Lorsque Esmail, le père octogénaire, ment à sa progéniture et se berce d’illusion quant au statut que ses cousins veulent bien lui accorder, il ne fait que reproduire le chiqué des combats de catch et des discours de Trump qui tournent en boucle dans la pièce de vie. Pas étonnant alors que la montée des marches lors du mariage où il est enfin consacré, fantasme ultime d’une vie manipulée par un vain espoir, soit preste, d’un pas léger et enjoué. Et qu’en contrepartie, la descente se fasse du pas pesant du retour au réel, écho de la dégringolade advenue quelques jours plus tôt au domicile. C’est la porte qui se ferme sur Esmail lors de la cérémonie de fin de deuil du début, qui semble être un retour de bâton sur la porte que doit fermer Alireza sur l’amour de sa vie, interdit par son père.

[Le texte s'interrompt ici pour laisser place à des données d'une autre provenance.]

(* Let $1\le k\le n-1$ and let $\Sigma=\mathbb{S}^k\times\mathbb{R}^{n-k}\subset\mathbb{R}^{n+1}$ be a self-shrinker. Let $C\subset\mathbb{S}^k$ be an open hemisphere (the intersection of $\mathbb{S}^k$ with an open half-space of $\mathbb{R}^{k+1}$ bounded by a hyperplane through the origin), and let $H\subset\mathbb{R}^{n-k}$ be an open half-space whose boundary is an $(n-k-1)$-dimensional linear subspace. Then $C\times H\subset\Sigma$ is stable.
   Context: $\mathbb{S}^k$ is the round sphere of radius $\sqrt{2k}$ centered at the origin of $\mathbb{R}^{k+1}$. Stability operator: $Lf=\Delta f-\tfrac12\langle\vec x,\nabla f\rangle+(|A|^2+\tfrac12)f$. A region $\Omega$ is stable if there is a function $u$ with $Lu=0$ and $u>0$ on $\Omega$. *)

theory Defs
  imports "HOL-Analysis.Analysis"
begin

text \<open>Ambient space R^{n+1} = R^{k+1} x R^{n-k}, points (y, z) with
  y :: real^'a (CARD('a) = k+1) and z :: real^'b (CARD('b) = n-k).\<close>

definition shr_k :: "'a::finite itself \<Rightarrow> nat" where
  "shr_k _ = CARD('a) - 1"

definition shr_radius :: "'a::finite itself \<Rightarrow> real" where
  "shr_radius A = sqrt (2 * real (shr_k A))"

definition Sigma :: "((real^'a::finite) \<times> (real^'b::finite)) set" where
  "Sigma = {(y, z). norm y = shr_radius TYPE('a)}"

definition dd :: "('v::real_normed_vector \<Rightarrow> real) \<Rightarrow> 'v \<Rightarrow> 'v \<Rightarrow> real" where
  "dd F p v = deriv (\<lambda>t. F (p + t *\<^sub>R v)) 0"

definition eucl_laplacian :: "('v::euclidean_space \<Rightarrow> real) \<Rightarrow> 'v \<Rightarrow> real" where
  "eucl_laplacian F p = (\<Sum>b\<in>Basis. dd (\<lambda>q. dd F q b) p b)"

text \<open>Extension of a function on Sigma, constant along the normal lines
  (0-homogeneous in the sphere factor).  For such an extension F one has
  nabla_Sigma f = nabla F and Delta_Sigma f = Delta F on Sigma.\<close>
definition hext :: "((real^'a::finite) \<times> (real^'b::finite) \<Rightarrow> real)
    \<Rightarrow> (real^'a) \<times> (real^'b) \<Rightarrow> real" where
  "hext u = (\<lambda>(y, z). u ((shr_radius TYPE('a) / norm y) *\<^sub>R y, z))"

text \<open>Unit normal field of Sigma, extended 0-homogeneously; |A|^2 is the
  squared Hilbert-Schmidt norm of its differential (the shape operator).\<close>
definition shr_normal :: "(real^'a::finite) \<times> (real^'b::finite) \<Rightarrow> (real^'a) \<times> (real^'b)" where
  "shr_normal = (\<lambda>(y, z). ((1 / norm y) *\<^sub>R y, 0))"

definition sqA :: "(real^'a::finite) \<times> (real^'b::finite) \<Rightarrow> real" where
  "sqA p = (\<Sum>b\<in>Basis. (norm (frechet_derivative shr_normal (at p) b))\<^sup>2)"

definition stab_op :: "((real^'a::finite) \<times> (real^'b::finite) \<Rightarrow> real)
    \<Rightarrow> (real^'a) \<times> (real^'b) \<Rightarrow> real" where
  "stab_op u p = eucl_laplacian (hext u) p - 1/2 * dd (hext u) p p
                 + (sqA p + 1/2) * u p"

definition twice_diff_on :: "'v set \<Rightarrow> ('v::euclidean_space \<Rightarrow> real) \<Rightarrow> bool" where
  "twice_diff_on N F \<longleftrightarrow> (\<forall>p\<in>N. F differentiable (at p)) \<and>
     (\<forall>v. \<forall>p\<in>N. (\<lambda>q. frechet_derivative F (at q) v) differentiable (at p))"

text \<open>Open neighbourhood in R^{n+1} of a region of Sigma, obtained by moving
  along normal lines.\<close>
definition normal_nbhd :: "((real^'a::finite) \<times> (real^'b::finite)) set \<Rightarrow> ((real^'a) \<times> (real^'b)) set" where
  "normal_nbhd \<Omega> = {(y, z). y \<noteq> 0 \<and> ((shr_radius TYPE('a) / norm y) *\<^sub>R y, z) \<in> \<Omega>}"
(* Let $r:\mathfrak h^*\to\wedge^2\mathfrak g$ be a smooth map and let $\Lambda=\sum_{i=1}^l h_i\wedge\frac{\partial}{\partial\lambda^i}+r(\lambda)\in\Gamma(\wedge^2A)$, where $A=T\mathfrak h^*\times\mathfrak g$ is the product Lie algebroid described in the context. Then $r$ is a triangular dynamical $r$-matrix if and only if $[\Lambda,\Lambda]=0$ (Schouten bracket of the Lie algebroid $A$), i.e. if and only if $(A,\Lambda)$ defines a triangular Lie bialgebroid $(A,A^* )$, the Lie algebroid structure on $A^*$ being the one whose differential on $\Gamma(\wedge^\bullet A)$ is $d_*=[\Lambda,\cdot\,]$.
   Context: Let $\mathfrak g$ be a finite-dimensional real Lie algebra and $\mathfrak h\subset\mathfrak g$ an abelian Lie subalgebra of dimension $l$ with basis $h_1,\dots,h_l$; let $(\lambda^1,\dots,\lambda^l)$ be the induced linear coordinates on $\mathfrak h^*$. A triangular dynamical $r$-matrix is a smooth map $r:\mathfrak h^*\to\wedge^2\mathfrak g$ such that (a) (zero weight) $[h,r(\lambda)]=0$ for all $h\in\mathfrak h$, $\lambda\in\mathfrak h^*$, where $\mathfrak g$ acts on $\wedge^2\mathfrak g$ by the adjoint action, and (b) (classical dynamical Yang–Baxter equation) $\sum_i h_i\wedge\frac{\partial r}{\partial\lambda^i}+\frac12[r,r]=0$, where $[\cdot,\cdot]:\wedge^k\mathfrak g\otimes\wedge^m\mathfrak g\to\wedge^{k+m-1}\mathfrak g$ is the Schouten-type bracket extending the Lie bracket of $\mathfrak g$. The product Lie algebroid $A=T\mathfrak h^*\times\mathfrak g$ over $\mathfrak h^*$ has sections $(X,f)$ with $X$ a vector field on $\mathfrak h^*$ and $f:\mathfrak h^*\to\mathfrak g$ smooth, bracket $[(X,f),(Y,g)]=([X,Y],X(g)-Y(f)+[f,g])$ and anchor the projection $(X,f)\mapsto X$; the bracket extends to a Schouten bracket on $\Gamma(\wedge^\bullet A)$. *)

theory Defs
  imports "HOL-Analysis.Analysis"
begin

text \<open>
  The Lie algebra g is modelled in a basis e_a indexed by a finite type 'n:
  its bracket is given by structure constants c a b k, i.e. [e_a,e_b] = sum_k c a b k e_k.

  Multivectors are represented by their (totally antisymmetric) components:
  a bivector P stands for (1/2) sum_{a,b} P a b e_a /\ e_b, a trivector T stands for
  (1/6) sum_{a,b,c} T a b c e_a /\ e_b /\ e_c.

  The dual h* of the abelian subalgebra h (with basis h_1..h_l, indexed by 'l) is
  identified with real^'l via the linear coordinates lambda^i, i.e. lambda $ i = lambda^i.
\<close>

definition lie_structure :: "('n::finite \<Rightarrow> 'n \<Rightarrow> 'n \<Rightarrow> real) \<Rightarrow> bool" where
  "lie_structure c \<longleftrightarrow>
     (\<forall>a b k. c a b k = - c b a k) \<and>
     (\<forall>a b d m. (\<Sum>k\<in>UNIV. c a b k * c k d m + c b d k * c k a m + c d a k * c k b m) = 0)"

definition lie_br :: "('n::finite \<Rightarrow> 'n \<Rightarrow> 'n \<Rightarrow> real) \<Rightarrow> ('n \<Rightarrow> real) \<Rightarrow> ('n \<Rightarrow> real) \<Rightarrow> ('n \<Rightarrow> real)" where
  "lie_br c x y = (\<lambda>k. \<Sum>a\<in>UNIV. \<Sum>b\<in>UNIV. x a * y b * c a b k)"

definition lin_indep_family :: "('l::finite \<Rightarrow> 'n::finite \<Rightarrow> real) \<Rightarrow> bool" where
  "lin_indep_family h \<longleftrightarrow> (\<forall>u. (\<forall>k. (\<Sum>i\<in>UNIV. u i * h i k) = 0) \<longrightarrow> (\<forall>i. u i = 0))"

definition abelian_family :: "('n::finite \<Rightarrow> 'n \<Rightarrow> 'n \<Rightarrow> real) \<Rightarrow> ('l::finite \<Rightarrow> 'n \<Rightarrow> real) \<Rightarrow> bool" where
  "abelian_family c h \<longleftrightarrow> (\<forall>i j. lie_br c (h i) (h j) = (\<lambda>_. 0))"

definition partial :: "'l::finite \<Rightarrow> (real^'l \<Rightarrow> real) \<Rightarrow> real^'l \<Rightarrow> real" where
  "partial i f x = deriv (\<lambda>t. f (x + t *\<^sub>R axis i 1)) 0"

fun iter_partial :: "'l::finite list \<Rightarrow> (real^'l \<Rightarrow> real) \<Rightarrow> real^'l \<Rightarrow> real" where
  "iter_partial [] f = f"
| "iter_partial (i # is) f = partial i (iter_partial is f)"

definition smooth_fun :: "(real^'l::finite \<Rightarrow> real) \<Rightarrow> bool" where
  "smooth_fun f \<longleftrightarrow>
     (\<forall>is. continuous_on UNIV (iter_partial is f) \<and>
           (\<forall>i x. (\<lambda>t. iter_partial is f (x + t *\<^sub>R axis i 1)) differentiable (at 0)))"

definition smooth_wedge2_map :: "(real^'l::finite \<Rightarrow> 'n \<Rightarrow> 'n \<Rightarrow> real) \<Rightarrow> bool" where
  "smooth_wedge2_map r \<longleftrightarrow>
     (\<forall>x a b. r x a b = - r x b a) \<and> (\<forall>a b. smooth_fun (\<lambda>x. r x a b))"

text \<open>Components of the trivector sum_{a,b,c} U a b c e_a /\ e_b /\ e_c.\<close>
definition alt3 :: "('i \<Rightarrow> 'i \<Rightarrow> 'i \<Rightarrow> real) \<Rightarrow> 'i \<Rightarrow> 'i \<Rightarrow> 'i \<Rightarrow> real" where
  "alt3 U a b c = U a b c - U a c b - U b a c + U b c a + U c a b - U c b a"

definition wedge12 :: "('i \<Rightarrow> real) \<Rightarrow> ('i \<Rightarrow> 'i \<Rightarrow> real) \<Rightarrow> 'i \<Rightarrow> 'i \<Rightarrow> 'i \<Rightarrow> real" where
  "wedge12 x Q = alt3 (\<lambda>a b c. x a * Q b c / 2)"

text \<open>
  Schouten bracket [P,Q] of two bivector sections of a Lie algebroid E over a base 'b that
  admits a global frame (E_I) indexed by 'i with constant structure constants
  [E_I,E_K] = sum_M C I K M E_M and anchor acting on functions by anc I
  (i.e. anc I f = rho(E_I)(f)). This is the unique extension of the Lie algebroid bracket
  to a graded bracket on Gamma(wedge E), computed on bivectors:
  [P,Q] = sum (1/2)(P^{IJ} rho_I(Q^{KL}) + Q^{IJ} rho_I(P^{KL})) E_K /\ E_J /\ E_L
          + sum P^{IJ} Q^{KL} C_{IK}^M E_M /\ E_J /\ E_L.
\<close>
definition schouten2 ::
  "('i::finite \<Rightarrow> ('b \<Rightarrow> real) \<Rightarrow> 'b \<Rightarrow> real) \<Rightarrow> ('i \<Rightarrow> 'i \<Rightarrow> 'i \<Rightarrow> real)
   \<Rightarrow> ('b \<Rightarrow> 'i \<Rightarrow> 'i \<Rightarrow> real) \<Rightarrow> ('b \<Rightarrow> 'i \<Rightarrow> 'i \<Rightarrow> real) \<Rightarrow> 'b \<Rightarrow> 'i \<Rightarrow> 'i \<Rightarrow> 'i \<Rightarrow> real" where
  "schouten2 anc C P Q x = alt3 (\<lambda>a b c.
      (\<Sum>I\<in>UNIV. (P x I b * anc I (\<lambda>y. Q y a c) x + Q x I b * anc I (\<lambda>y. P y a c) x) / 2)
    + (\<Sum>I\<in>UNIV. \<Sum>K\<in>UNIV. P x I b * Q x K c * C I K a))"

text \<open>The algebraic Schouten bracket on wedge g (g = Lie algebroid over a point).\<close>
definition lie_schouten2 ::
  "('n::finite \<Rightarrow> 'n \<Rightarrow> 'n \<Rightarrow> real) \<Rightarrow> ('n \<Rightarrow> 'n \<Rightarrow> real) \<Rightarrow> ('n \<Rightarrow> 'n \<Rightarrow> real) \<Rightarrow> 'n \<Rightarrow> 'n \<Rightarrow> 'n \<Rightarrow> real" where
  "lie_schouten2 c P Q = schouten2 (\<lambda>_ _ _. 0) c (\<lambda>_::unit. P) (\<lambda>_. Q) ()"

text \<open>Adjoint action of x in g on a bivector: ad_x(u/\v) = [x,u]/\v + u/\[x,v].\<close>
definition ad_wedge2 :: "('n::finite \<Rightarrow> 'n \<Rightarrow> 'n \<Rightarrow> real) \<Rightarrow> ('n \<Rightarrow> real) \<Rightarrow> ('n \<Rightarrow> 'n \<Rightarrow> real) \<Rightarrow> 'n \<Rightarrow> 'n \<Rightarrow> real" where
  "ad_wedge2 c x Q a b = (\<Sum>d\<in>UNIV. lie_br c x (\<lambda>e. if e = d then 1 else 0) a * Q d b)
                       + (\<Sum>d\<in>UNIV. lie_br c x (\<lambda>e. if e = d then 1 else 0) b * Q a d)"
(* Let $X,Y$ be compact metric spaces with metrics $d,d'$, and let $f\colon X\to X$, $g\colon Y\to Y$ be continuous maps. Let $C\in\mathcal{C}(f)$, $D\in\mathcal{D}(C)$, $C'\in\mathcal{C}(g)$, and let $h\colon C\to C'$ be a homeomorphism with $h\circ f|_C=g|_{C'}\circ h$ (then $h(D)\in\mathcal{D}(C')$). Let $\mathcal{F},\mathcal{G}$ be full Furstenberg families, $n\ge2$ and $\delta>0$. If $g$ has the limit shadowing property and there is an $(\mathcal{F},\mathcal{G})$-$\delta$-scrambled $n$-tuple $(a_1,\dots,a_n)\in[V^s(D)]^n$ for $f$, then there are $\delta'>0$ and an $(\mathcal{F},\mathcal{G})$-$\delta'$-scrambled $n$-tuple $(b_1,\dots,b_n)\in[V^s(h(D))]^n$ for $g$.
   Context: The following is defined for any continuous self-map $f$ of a compact metric space $(X,d)$ (and analogously for $g$ on $(Y,d')$). A $\delta$-chain of $f$ ($\delta>0$) is a finite sequence $(x_i)_{i=0}^k$, $k\ge1$, with $d(f(x_i),x_{i+1})\le\delta$ for $0\le i\le k-1$; it is a $\delta$-cycle if $x_0=x_k$, with length $k$. Write $x\to y$ if for every $\delta>0$ there is a $\delta$-chain from $x$ to $y$. Let $CR(f)=\{x\colon x\to x\}$; on $CR(f)$ let $x\leftrightarrow y$ iff $x\to y$ and $y\to x$; its classes are the chain components, forming $\mathcal{C}(f)$. For $C\in\mathcal{C}(f)$, $\delta>0$, let $m=m(C,\delta)$ be the gcd of the lengths of all $\delta$-cycles of $f|_C$, and for $x,y\in C$ let $x\sim_{C,\delta}y$ iff there is a $\delta$-chain of $f|_C$ from $x$ to $y$ of length divisible by $m$; $\mathcal{D}(C,\delta)$ is the set of its equivalence classes. Let $x\sim_C y$ iff $x\sim_{C,\delta}y$ for all $\delta>0$; $\mathcal{D}(C)$ is its set of classes. For $D\in\mathcal{D}(C)$, $D_\delta$ is the element of $\mathcal{D}(C,\delta)$ containing $D$. $W^s(C)=\{x\colon\lim_i d(f^i(x),C)=0\}$ and $V^s(D)=\bigcap_{\delta>0}\{x\in W^s(C)\colon\lim_i d(f^i(x),f^i(D_\delta))=0\}$. $g$ has the limit shadowing property if for every sequence $(y_i)_{i\ge0}$ in $Y$ with $\lim_i d'(g(y_i),y_{i+1})=0$ there is $y\in Y$ with $\lim_i d'(g^i(y),y_i)=0$. A Furstenberg family is a nonempty proper family $\mathcal{F}\subsetneq 2^{\mathbb{N}_0}$ closed under taking supersets; it is full if $\{i\in A\colon i\ge n\}\in\mathcal{F}$ for all $A\in\mathcal{F}$, $n\ge0$. For $x_1,\dots,x_n\in X$, $r>0$: $S_f(x_1,\dots,x_n;r)=\{i\in\mathbb{N}_0\colon\min_{j<k}d(f^i(x_j),f^i(x_k))>r\}$ and $T_f(x_1,\dots,x_n;r)=\{i\in\mathbb{N}_0\colon\max_{j<k}d(f^i(x_j),f^i(x_k))<r\}$. $(x_1,\dots,x_n)$ is $(\mathcal{F},\mathcal{G})$-$\delta$-scrambled for $f$ if $S_f(x_1,\dots,x_n;\delta)\in\mathcal{F}$ and $T_f(x_1,\dots,x_n;\epsilon)\in\mathcal{G}$ for all $\epsilon>0$ (analogously for $g$ with $d'$). *)

theory Defs
  imports "HOL-Analysis.Analysis"
begin

text \<open>All notions are relativised to a carrier set S of a metric space type.\<close>

definition dchain :: "'a::metric_space set \<Rightarrow> ('a \<Rightarrow> 'a) \<Rightarrow> real \<Rightarrow> (nat \<Rightarrow> 'a) \<Rightarrow> nat \<Rightarrow> bool" where
  "dchain S f \<delta> x k \<longleftrightarrow> k \<ge> 1 \<and> (\<forall>i\<le>k. x i \<in> S) \<and> (\<forall>i<k. dist (f (x i)) (x (Suc i)) \<le> \<delta>)"

definition chain_to :: "'a::metric_space set \<Rightarrow> ('a \<Rightarrow> 'a) \<Rightarrow> 'a \<Rightarrow> 'a \<Rightarrow> bool" where
  "chain_to S f x y \<longleftrightarrow> (\<forall>\<delta>>0. \<exists>c k. dchain S f \<delta> c k \<and> c 0 = x \<and> c k = y)"

definition CR :: "'a::metric_space set \<Rightarrow> ('a \<Rightarrow> 'a) \<Rightarrow> 'a set" where
  "CR S f = {x \<in> S. chain_to S f x x}"

definition chain_components :: "'a::metric_space set \<Rightarrow> ('a \<Rightarrow> 'a) \<Rightarrow> 'a set set" where
  "chain_components S f =
     {{y \<in> CR S f. chain_to S f x y \<and> chain_to S f y x} | x. x \<in> CR S f}"

definition cyc_gcd :: "'a::metric_space set \<Rightarrow> ('a \<Rightarrow> 'a) \<Rightarrow> real \<Rightarrow> nat" where
  "cyc_gcd C f \<delta> = Gcd {k. \<exists>c. dchain C f \<delta> c k \<and> c 0 = c k}"

definition sim_delta :: "'a::metric_space set \<Rightarrow> ('a \<Rightarrow> 'a) \<Rightarrow> real \<Rightarrow> 'a \<Rightarrow> 'a \<Rightarrow> bool" where
  "sim_delta C f \<delta> x y \<longleftrightarrow>
     (\<exists>c k. dchain C f \<delta> c k \<and> c 0 = x \<and> c k = y \<and> cyc_gcd C f \<delta> dvd k)"

definition Dcl_delta :: "'a::metric_space set \<Rightarrow> ('a \<Rightarrow> 'a) \<Rightarrow> real \<Rightarrow> 'a set set" where
  "Dcl_delta C f \<delta> = {{y \<in> C. sim_delta C f \<delta> x y} | x. x \<in> C}"

definition sim_C :: "'a::metric_space set \<Rightarrow> ('a \<Rightarrow> 'a) \<Rightarrow> 'a \<Rightarrow> 'a \<Rightarrow> bool" where
  "sim_C C f x y \<longleftrightarrow> (\<forall>\<delta>>0. sim_delta C f \<delta> x y)"

definition Dcl :: "'a::metric_space set \<Rightarrow> ('a \<Rightarrow> 'a) \<Rightarrow> 'a set set" where
  "Dcl C f = {{y \<in> C. sim_C C f x y} | x. x \<in> C}"

definition D_delta :: "'a::metric_space set \<Rightarrow> ('a \<Rightarrow> 'a) \<Rightarrow> real \<Rightarrow> 'a set \<Rightarrow> 'a set" where
  "D_delta C f \<delta> D = (THE E. E \<in> Dcl_delta C f \<delta> \<and> D \<subseteq> E)"

definition Ws :: "'a::metric_space set \<Rightarrow> ('a \<Rightarrow> 'a) \<Rightarrow> 'a set \<Rightarrow> 'a set" where
  "Ws X f C = {x \<in> X. (\<lambda>i. infdist ((f ^^ i) x) C) \<longlonglongrightarrow> 0}"

definition Vs :: "'a::metric_space set \<Rightarrow> ('a \<Rightarrow> 'a) \<Rightarrow> 'a set \<Rightarrow> 'a set \<Rightarrow> 'a set" where
  "Vs X f C D = (\<Inter>\<delta>\<in>{\<delta>. \<delta> > 0}.
      {x \<in> Ws X f C. (\<lambda>i. infdist ((f ^^ i) x) ((f ^^ i) ` D_delta C f \<delta> D)) \<longlonglongrightarrow> 0})"

definition limit_shadowing :: "'a::metric_space set \<Rightarrow> ('a \<Rightarrow> 'a) \<Rightarrow> bool" where
  "limit_shadowing Y g \<longleftrightarrow>
     (\<forall>y. (\<forall>i. y i \<in> Y) \<and> (\<lambda>i. dist (g (y i)) (y (Suc i))) \<longlonglongrightarrow> 0 \<longrightarrow>
        (\<exists>z\<in>Y. (\<lambda>i. dist ((g ^^ i) z) (y i)) \<longlonglongrightarrow> 0))"

definition furstenberg_family :: "nat set set \<Rightarrow> bool" where
  "furstenberg_family F \<longleftrightarrow> F \<noteq> {} \<and> F \<noteq> UNIV \<and> (\<forall>A\<in>F. \<forall>B. A \<subseteq> B \<longrightarrow> B \<in> F)"

definition full_family :: "nat set set \<Rightarrow> bool" where
  "full_family F \<longleftrightarrow> furstenberg_family F \<and> (\<forall>A\<in>F. \<forall>n. {i \<in> A. i \<ge> n} \<in> F)"
definition has_back_edge :: "'a \<Rightarrow> bool" where
  "has_back_edge v \<longleftrightarrow> (\<exists>u\<in>before \<sigma> v. E v u \<and> u \<noteq> par v)"

text \<open>The vertices whose colours rule (i) or (ii) avoids at \<open>v\<close>; for rule (ii) this is
  \<open>\<sigma>\<^sub>v \<inter> S\<^sub>v\<close>.\<close>
definition forbidden :: "'a \<Rightarrow> 'a set" where
  "forbidden v = (if has_back_edge v then {u\<in>before \<sigma> v. E v u}
     else before \<sigma> v \<inter> ({par v} \<union> {u\<in>set \<sigma>. u \<noteq> w \<and> u \<noteq> v \<and> par u = par v}))"

lemma greedy_color_mex: "v \<in> V \<Longrightarrow> \<not> pos \<sigma> v < k \<Longrightarrow> \<phi> v = mex (\<phi> ` forbidden v)"
  using greedy in_set_drop_iff_pos[OF distinct_order] set_order
  unfolding greedy_coloring_def forbidden_def has_back_edge_def by (auto split: if_splits)

lemma finite_forbidden: "finite (forbidden v)"
  by (simp add: forbidden_def)

lemma greedy_color_pos: "v \<in> V \<Longrightarrow> \<not> pos \<sigma> v < k \<Longrightarrow> 0 < \<phi> v"
  using greedy_color_mex mex_pos finite_forbidden by simp

lemma greedy_color_avoids:
  "v \<in> V \<Longrightarrow> \<not> pos \<sigma> v < k \<Longrightarrow> u \<in> forbidden v \<Longrightarrow> \<phi> u \<noteq> \<phi> v"
  using greedy_color_mex mex_notin finite_forbidden by (metis finite_imageI image_eqI)

lemma earlier_neighbour_forbidden:
  "v \<in> V \<Longrightarrow> u \<in> V \<Longrightarrow> pos \<sigma> u < pos \<sigma> v \<Longrightarrow> E v u \<Longrightarrow> u \<in> forbidden v"
  using before_iff unfolding forbidden_def has_back_edge_def by auto

lemma earlier_sibling_forbidden:
  "\<not> has_back_edge v \<Longrightarrow> v \<noteq> u \<Longrightarrow> u \<in> V \<Longrightarrow> u \<noteq> w \<Longrightarrow> par u = par v \<Longrightarrow> pos \<sigma> u < pos \<sigma> v
    \<Longrightarrow> u \<in> forbidden v"
  using before_iff set_order unfolding forbidden_def by auto

lemma greedy_proper:
  assumes "proper_on (set (take k \<sigma>)) E \<phi>'"
  shows "proper_on V E \<phi>"
proof -
  have "\<phi> u \<noteq> \<phi> v" if "u \<in> V" "v \<in> V" "E v u" "pos \<sigma> u < pos \<sigma> v" for u v
  proof (cases "pos \<sigma> v < k")
    case True
    then show ?thesis using that assms greedy_prefix in_set_take_iff_pos[OF distinct_order] set_order
      unfolding proper_on_def by (metis adj_sym order.strict_trans)
  next
    case False
    then show ?thesis using that greedy_color_avoids earlier_neighbour_forbidden by blast
  qed
  moreover have "pos \<sigma> u \<noteq> pos \<sigma> v" if "u \<in> V" "v \<in> V" "E u v" for u v
    using that adj_irrefl pos_inject by blast
  ultimately show ?thesis unfolding proper_on_def
    by (metis adj_sym linorder_neqE_nat)
qed

lemma greedy_coloring_on:
  "coloring_on (set (take k \<sigma>)) \<phi>' \<Longrightarrow> coloring_on V \<phi>"
  using greedy_prefix greedy_color_pos in_set_take_iff_pos[OF distinct_order] set_order
  unfolding coloring_on_def by metis

lemma automorphism_fixes_next_vertex:
  assumes girth: "girth_at_least V E 5"
    and f: "automorphism V E f" "\<forall>u\<in>V. \<phi> (f u) = \<phi> u"
    and v: "v \<in> V" "v \<noteq> w" "\<not> pos \<sigma> v < k"
    and fixed: "\<And>y. y \<in> V \<Longrightarrow> pos \<sigma> y < pos \<sigma> v \<Longrightarrow> f y = y"
  shows "f v = v"
proof (rule ccontr)
  assume moved: "f v \<noteq> v"
  define p x where "p = par v" and "x = f v"
  have f_into: "f u \<in> V" if "u \<in> V" for u
    using f(1) that unfolding automorphism_def bij_betw_def by auto
  have f_adj: "E (f u) (f u') \<longleftrightarrow> E u u'" and f_inj: "f u = f u' \<Longrightarrow> u = u'"
    if "u \<in> V" "u' \<in> V" for u u'
    using f(1) that unfolding automorphism_def bij_betw_def inj_on_def by auto
  have p: "p \<in> V" "E v p" "pos \<sigma> p < pos \<sigma> v" using parent[OF v(1,2)] p_def by auto
  have "f p = p" using fixed p by blast
  then have x: "x \<in> V" "E x p" "x \<noteq> v"
    using f_into[OF v(1)] f_adj[OF v(1) p(1)] p(2) moved x_def by auto
  show False
  proof (cases "has_back_edge v")
    case True
    then obtain y where y: "y \<in> V" "pos \<sigma> y < pos \<sigma> v" "E v y" "y \<noteq> p"
      using before_iff p_def unfolding has_back_edge_def by auto
    have "f y = y" using fixed y(1,2) by blast
    then have "E x y" and "x \<noteq> y"
      using f_adj[OF v(1) y(1)] f_inj[OF v(1) y(1)] y(3) adj_irrefl x_def by auto
    moreover have "distinct [v, p, x, y]" using calculation(2) x y p adj_irrefl by auto
    ultimately show False
      using girth_5_no_square[OF girth, of v p x y] x y p v(1) adj_sym by auto
  next
    case no_back_edge: False
    have "\<not> pos \<sigma> x < pos \<sigma> v"
      using fixed f_inj x v(1) x_def by metis
    then have later: "pos \<sigma> v < pos \<sigma> x" using pos_inject x v(1) by (metis linorder_neqE_nat)
    have x_par: "par x = p" and x_root: "x \<noteq> w"
      using parent_of_later_neighbour[OF v(1,2) x(1) later] x(2) p_def later not_root_if_pos by auto
    show False
    proof (cases "has_back_edge x")
      case True
      then obtain y where y: "y \<in> V" "pos \<sigma> y < pos \<sigma> x" "E x y" "y \<noteq> par x"
        using before_iff unfolding has_back_edge_def by auto
      have "pos \<sigma> y < pos \<sigma> v"
        using earlier_neighbour_of_later_sibling[OF girth_at_least_mono[OF girth] v(1,2) x(1) x_root]
          x_par p_def later y by simp
      moreover have "E v y" using fixed f_adj v(1) x_def y(1,3) calculation by metis
      ultimately show False
        using no_back_edge y(1,4) x_par p_def before_iff unfolding has_back_edge_def by auto
    next
      case False
      have "v \<in> forbidden x"
        using earlier_sibling_forbidden[OF False] x v x_par p_def later by auto
      then have "\<phi> v \<noteq> \<phi> x" using greedy_color_avoids x(1) v(3) later by auto
      then show False using f(2) v(1) x_def by simp
    qed
  qed
qed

Lorsque la première scène est celle d’une foule d’ouvriers manifestant, licenciés pour cause de détournement de fonds par le patron de l’entreprise, on retrouve à nouveau les mouvements de la masse lors du mariage, où on célèbre cette fois-ci un système financier corrompu. Un rappel de l’ascenseur miteux de Manouchehr, témoignant d’une vie de galérien, mis en opposition à celui luxueux de la boîte qui fonctionne sur un système d’arnaque.
C’est une cigarette qui constitue le premier plan, et une qui vient conclure le film, alors qu’un anniversaire célèbre la vie, avec au centre de la pièce, un défunt.
Des parallèles et des renvois donc, qui font tourner la machine en rond. On tombe pas plus bas que l’on était initialement, on stagne.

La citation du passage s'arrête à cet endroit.